* Task objective: Nothing below is to be printed except the lines between the line holding "(simp add: permutes_in_image)" and the line holding "h) = (\<Sum>t", inclusive, each exactly as it appears.

(Beginning of Source data)

lemma det_on_lower_triangular:
  fixes M :: "nat \<Rightarrow> nat \<Rightarrow> 'a::comm_ring_1"
  assumes fin: "finite D" and lower: "\<And>i a. i \<in> D \<Longrightarrow> a \<in> D \<Longrightarrow> i < a \<Longrightarrow> M i a = 0"
  shows "det_on M D = (\<Prod>p\<in>D. M p p)"
proof -
  have "of_int (sign s) * (\<Prod>p\<in>D. M (s p) p) = 0" if s: "s permutes D" and ns: "s \<noteq> id" for s
  proof -
    obtain p where "p \<in> D" "s p < p" using permutes_eq_id_if_le[OF fin s] ns by (meson not_le)
    then have "M (s p) p = 0" using lower s by (simp add: permutes_in_image)
    then have "(\<Prod>p\<in>D. M (s p) p) = 0" using \<open>p \<in> D\<close> fin by (metis prod_zero)
    then show ?thesis by simp
  qed
  then have "det_on M D = (\<Sum>s\<in>{id}. of_int (sign s) * (\<Prod>p\<in>D. M (s p) p))"
    unfolding det_on_def
    by (intro sum.mono_neutral_right finite_permutations fin) (auto simp: permutes_id)
  then show ?thesis by simp
qed

lemma sum_inj_PiE_eq_sum_permutes:
  assumes fin: "finite D"
  shows "(\<Sum>h | h \<in> D \<rightarrow>\<^sub>E D \<and> inj_on h D. F h) = (\<Sum>t | t permutes D. F (restrict t D))"
proof (rule sum.reindex_bij_witness[where j = "\<lambda>h. restrict_id h D" and i = "\<lambda>t. restrict t D"])
  fix t assume "t \<in> {t. t permutes D}"
  then have t: "t permutes D" by simp
  show "restrict_id (restrict t D) D = t"
    by (auto simp: restrict_id_def permutes_not_in[OF t])
  show "restrict t D \<in> {h. h \<in> D \<rightarrow>\<^sub>E D \<and> inj_on h D}"
    using permutes_in_image[OF t] permutes_inj_on[OF t] by (auto simp: inj_on_def)
next
  fix h assume "h \<in> {h. h \<in> D \<rightarrow>\<^sub>E D \<and> inj_on h D}"
  then have h: "h \<in> D \<rightarrow>\<^sub>E D" "inj_on h D" by auto
  moreover have "h ` D \<subseteq> D" using h(1) by auto
  ultimately have "bij_betw h D D"
    using endo_inj_surj[OF fin] by (simp add: bij_betw_def)
  then show "restrict_id h D \<in> {t. t permutes D}" by (simp add: permutes_restrict_id)
  show "restrict (restrict_id h D) D = h"
    using h(1) by (auto simp: restrict_id_def PiE_def extensional_def)
  then show "F (restrict (restrict_id h D) D) = F h" by simp
qed

lemma prod_consecutive_pairs:
  fixes m :: nat
  shows "(\<Prod>i=1..m. f (2*i-1) * f (2*i)) = (\<Prod>p=1..2*m. (f p :: 'a::comm_monoid_mult))"
proof (induction m)
  case (Suc m)
  have "(\<Prod>p=1..2*Suc m. f p) = f (Suc (Suc (2*m))) * (f (Suc (2*m)) * (\<Prod>p=1..2*m. f p))"
    by (simp add: prod.nat_ivl_Suc' mult_ac)
  then show ?case using Suc by (simp add: prod.nat_ivl_Suc' mult_ac)
qed simp

lemma prod_sum_pairs_PiE:
  fixes F :: "nat \<Rightarrow> 'b \<Rightarrow> 'b \<Rightarrow> 'a::comm_semiring_1"
  assumes "finite C"
  shows "(\<Prod>i=1..m. \<Sum>a\<in>C. \<Sum>b\<in>C. F i a b)
       = (\<Sum>h\<in>{1..2*m} \<rightarrow>\<^sub>E C. \<Prod>i=1..m. F i (h (2*i-1)) (h (2*i)))"
proof -
  define unpair where "unpair g = (\<lambda>p\<in>{1..2*m}. if even p then snd (g (p div 2)) else fst (g (Suc p div 2)))"
    for g :: "nat \<Rightarrow> 'b \<times> 'b"
  define pair where "pair h = (\<lambda>i\<in>{1..m}. (h (2*i-1), h (2*i)))" for h :: "nat \<Rightarrow> 'b"
  have unpair_at: "unpair g (2*i-1) = fst (g i)" "unpair g (2*i) = snd (g i)" if "i \<in> {1..m}" for g i
    using that by (auto simp: unpair_def)
  have half_in: "(if even p then p div 2 else Suc p div 2) \<in> {1..m}" if "p \<in> {1..2*m}" for p
    using that by (auto elim!: oddE)
  have "(\<Prod>i=1..m. \<Sum>a\<in>C. \<Sum>b\<in>C. F i a b) = (\<Prod>i=1..m. \<Sum>ab\<in>C\<times>C. F i (fst ab) (snd ab))"
    by (simp add: sum.cartesian_product case_prod_beta)
  also have "\<dots> = (\<Sum>g\<in>{1..m} \<rightarrow>\<^sub>E C\<times>C. \<Prod>i=1..m. F i (fst (g i)) (snd (g i)))"
    using assms by (intro prod_sum_PiE) auto
  also have "\<dots> = (\<Sum>h\<in>{1..2*m} \<rightarrow>\<^sub>E C. \<Prod>i=1..m. F i (h (2*i-1)) (h (2*i)))"
  proof (rule sum.reindex_bij_witness[where j = unpair and i = pair])
    fix g assume g: "g \<in> {1..m} \<rightarrow>\<^sub>E C\<times>C"
    show "pair (unpair g) = g"
      using g unpair_at by (auto simp: pair_def PiE_def extensional_def)
    show "unpair g \<in> {1..2*m} \<rightarrow>\<^sub>E C"
      using g half_in by (fastforce simp: unpair_def PiE_iff mem_Times_iff split: if_splits)
    show "(\<Prod>i=1..m. F i (unpair g (2*i-1)) (unpair g (2*i))) = (\<Prod>i=1..m. F i (fst (g i)) (snd (g i)))"
      using unpair_at by (intro prod.cong) auto
  next
    fix h assume h: "h \<in> {1..2*m} \<rightarrow>\<^sub>E C"
    show "unpair (pair h) = h"
    proof
      fix p
      show "unpair (pair h) p = h p"
        using h half_in[of p] by (cases "even p") (auto simp: unpair_def pair_def PiE_def extensional_def elim!: evenE oddE)
    qed
    have "2*i-1 \<in> {1..2*m}" "2*i \<in> {1..2*m}" if "i \<in> {1..m}" for i
      using that by auto
    then show "pair h \<in> {1..m} \<rightarrow>\<^sub>E C\<times>C"
      using h by (auto simp: pair_def)
  qed
  finally show ?thesis .
qed

lemma pfaffian_congruence:
  fixes A M :: "nat \<Rightarrow> nat \<Rightarrow> 'a::field_char_0"
  shows "pfaffian (2*m) (\<lambda>i j. \<Sum>a\<in>{1..2*m}. \<Sum>b\<in>{1..2*m}. M i a * A a b * M j b)
       = det_on M {1..2*m} * pfaffian (2*m) A"
proof -
  define D where "D = {1..2*m}"
  define AP where "AP h = (\<Prod>i=1..m. A (h (2*i-1)) (h (2*i)))" for h
  define Del where "Del h = (\<Sum>s | s permutes D. of_int (sign s) * (\<Prod>r\<in>D. M (s r) (h r)))" for h
  have fin: "finite D" "finite (D \<rightarrow>\<^sub>E D)" unfolding D_def by (auto intro: finite_PiE)
  have expand: "(\<Prod>i=1..m. \<Sum>a\<in>D. \<Sum>b\<in>D. M (s (2*i-1)) a * A a b * M (s (2*i)) b)
      = (\<Sum>h\<in>D \<rightarrow>\<^sub>E D. AP h * (\<Prod>r\<in>D. M (s r) (h r)))" for s
  proof -
    have "(\<Prod>i=1..m. \<Sum>a\<in>D. \<Sum>b\<in>D. M (s (2*i-1)) a * A a b * M (s (2*i)) b)
        = (\<Sum>h\<in>D \<rightarrow>\<^sub>E D. \<Prod>i=1..m.
            M (s (2*i-1)) (h (2*i-1)) * A (h (2*i-1)) (h (2*i)) * M (s (2*i)) (h (2*i)))"
      unfolding D_def by (rule prod_sum_pairs_PiE) simp
    also have "\<dots> = (\<Sum>h\<in>D \<rightarrow>\<^sub>E D. AP h * (\<Prod>r\<in>D. M (s r) (h r)))"
      unfolding AP_def D_def prod_consecutive_pairs[symmetric, where f = "\<lambda>r. M (s r) (h r)" for h]
      by (intro sum.cong refl) (simp add: prod.distrib[symmetric] mult_ac)
    finally show ?thesis .
  qed
  text \<open>Expanding the products gives a sum over all maps \<open>h : D \<rightarrow> D\<close>; the terms of non-injective
    maps cancel in pairs, and for a permutation \<open>h\<close> the sum over \<open>s\<close> is \<open>sign h * det M\<close>.\<close>
  have "(\<Sum>s | s permutes D. of_int (sign s)
          * (\<Prod>i=1..m. \<Sum>a\<in>D. \<Sum>b\<in>D. M (s (2*i-1)) a * A a b * M (s (2*i)) b))
      = (\<Sum>h\<in>D \<rightarrow>\<^sub>E D. AP h * Del h)"
    unfolding expand Del_def sum_distrib_left by (subst sum.swap) (simp add: mult_ac)
  also have "\<dots> = (\<Sum>h | h \<in> D \<rightarrow>\<^sub>E D \<and> inj_on h D. AP h * Del h)"
  proof (rule sum.mono_neutral_right[OF fin(2)])
    show "\<forall>h\<in>(D \<rightarrow>\<^sub>E D) - {h \<in> D \<rightarrow>\<^sub>E D. inj_on h D}. AP h * Del h = 0"
      unfolding Del_def inj_on_def using sum_sign_prod_eq_0_if_not_inj_on[OF fin(1)] by auto
  qed auto
  also have "\<dots> = (\<Sum>t | t permutes D. AP (restrict t D) * Del (restrict t D))"
    by (rule sum_inj_PiE_eq_sum_permutes[OF fin(1)])
  also have "\<dots> = (\<Sum>t | t permutes D. det_on M D * (of_int (sign t) * AP t))"
  proof (intro sum.cong refl)
    fix t assume "t \<in> {t. t permutes D}"
    then have t: "t permutes D" by simp
    have "AP (restrict t D) = AP t" unfolding AP_def D_def by (intro prod.cong) auto
    moreover have "Del (restrict t D) = of_int (sign t) * det_on M D"
      unfolding Del_def using sum_sign_prod_permutes[OF fin(1) t] by simp
    ultimately show "AP (restrict t D) * Del (restrict t D) = det_on M D * (of_int (sign t) * AP t)"
      by (simp add: mult_ac)
  qed
  finally show ?thesis
    unfolding pfaffian_def D_def AP_def by (simp add: sum_distrib_left mult_ac)
qed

(End of Source data)

* Answer to this exercise:
    then have "M (s p) p = 0" using lower s by (simp add: permutes_in_image)
    then have "(\<Prod>p\<in>D. M (s p) p) = 0" using \<open>p \<in> D\<close> fin by (metis prod_zero)
    then show ?thesis by simp
  qed
  then have "det_on M D = (\<Sum>s\<in>{id}. of_int (sign s) * (\<Prod>p\<in>D. M (s p) p))"
    unfolding det_on_def
    by (intro sum.mono_neutral_right finite_permutations fin) (auto simp: permutes_id)
  then show ?thesis by simp
qed

lemma sum_inj_PiE_eq_sum_permutes:
  assumes fin: "finite D"
  shows "(\<Sum>h | h \<in> D \<rightarrow>\<^sub>E D \<and> inj_on h D. F h) = (\<Sum>t | t permutes D. F (restrict t D))"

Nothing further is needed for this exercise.